Key Responsibilities
1. Centralized Entity Registry & CDEs
* Architect and implement a centralized registry that acts as a metadata catalogue and semantic layer.
* Define and enforce Core Data Entities (CDEs) that standardize identity and lineage across domains.
* Enable domain-specific data products to register via CDE contracts while maintaining autonomy.
2. Data Product Ownership & Federation
* Collaborate with domain teams to identify initial data domains and guide them in creating compliant data products.
* Promote federated ownership and stewardship models across scientific and technical domains.
* Support transition from monolithic views to modular, domain-driven data products.
3. Governance Framework
* Establish federated governance policies for data quality, lineage tracking, access control, and compliance.

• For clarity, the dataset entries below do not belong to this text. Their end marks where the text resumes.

lemma irreducible_if_indecomposable: "T \<subseteq> S \<Longrightarrow> \<not> cox_decomposable M S T \<Longrightarrow> cox_irreducible T"
proof -
  assume T: "T \<subseteq> S" and nd: "\<not> cox_decomposable M S T"
  show "cox_irreducible T" unfolding cox_irreducible_def
  proof
    assume "\<exists>P Q. P \<union> Q = T \<and> P \<inter> Q = {} \<and> P \<noteq> {} \<and> Q \<noteq> {} \<and> (\<forall>a\<in>P. \<forall>b\<in>Q. [a, b] \<doteq> [b, a])"
    then obtain P Q where PQ: "P \<union> Q = T" "P \<inter> Q = {}" "P \<noteq> {}" "Q \<noteq> {}" "\<forall>a\<in>P. \<forall>b\<in>Q. [a, b] \<doteq> [b, a]"
      by blast
    have "\<forall>a\<in>P. \<forall>b\<in>Q. cox_gen M S a \<otimes>\<^bsub>coxeter_group M S\<^esub> cox_gen M S b
                     = cox_gen M S b \<otimes>\<^bsub>coxeter_group M S\<^esub> cox_gen M S a"
    proof (intro ballI)
      fix a b assume ab: "a \<in> P" "b \<in> Q"
      then have abS: "a \<in> S" "b \<in> S" using PQ T by auto
      have "elt [a, b] = elt [b, a]" using elt_eqI PQ(5) ab by blast
      then show "cox_gen M S a \<otimes>\<^bsub>coxeter_group M S\<^esub> cox_gen M S b
                     = cox_gen M S b \<otimes>\<^bsub>coxeter_group M S\<^esub> cox_gen M S a"
        using mult_coxeter_group[of "[a]" "[b]"] mult_coxeter_group[of "[b]" "[a]"] abS
        by (simp add: cox_gen_eq_elt)
    qed
    then show False using nd PQ unfolding cox_decomposable_def by blast
  qed
qed

end

theorem corollary3p2:
  fixes M :: "nat \<Rightarrow> nat \<Rightarrow> enat" and k l m :: nat
  defines "G \<equiv> coxeter_group M {..k}"
  assumes cox: "coxeter_matrix M {..k}"
    and G_inf: "infinite (carrier G)"
    and lk: "l \<le> k"
    and Gl_inf: "infinite (generate G (cox_gen M {..k} ` {..l}))"
    and Gl_indec: "\<not> cox_decomposable M {..k} {..l}"
    and m_pos: "0 < m" and mk: "m \<le> k"
  shows "infinite (rcosets\<^bsub>G\<^esub> (generate G (cox_gen M {..k} ` {m..k})))"
proof
  interpret coxeter_system M "{..k}" by (rule coxeter_system.intro[OF cox])
  have J: "{m..k} \<subseteq> {..k}" and L: "{..l} \<subseteq> {..k}" using lk by auto
  assume "finite (rcosets\<^bsub>G\<^esub> (generate G (cox_gen M {..k} ` {m..k})))"
  then have "finite_index {..k} {m..k}"
    using finite_index_if_finite_rcosets[OF J] generate_coxeter_group[OF J] by (simp add: G_def)
  moreover have "cox_irreducible {..l}" using irreducible_if_indecomposable[OF L Gl_indec] .
  moreover have "\<not> finite_parabolic {..l}"
    using Gl_inf generate_coxeter_group[OF L] by (simp add: G_def finite_parabolic_def)
  ultimately have "{..l} \<subseteq> {m..k}"
    using irreducible_infinite_subset_of_finite_index[OF _ order_refl J _ L] by simp
  then show False using m_pos by auto
qed

end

* Facilitate steering committee discussions to align CDE definitions across multi-domain products.
* Implement scalable governance workflows that support AI-readiness and research acceleration.
4. Technical Integration
* Integrate with existing platforms including AWS S3, Snowflake, and Palantir Foundry.
* Design interoperability between centralized registry and domain-specific catalogues/systems.
* Ensure compatibility with orchestration frameworks and metadata layers (e.g., AWS Glue, DataZone).
5. Business Outcomes
* Drive faster research cycles through scalable data governance and discoverability.
* Enable AI-ready data environments that support analytics, modelling, and scientific workflows.
* Improve cross-domain collaboration and data reuse through standardized metadata and lineage.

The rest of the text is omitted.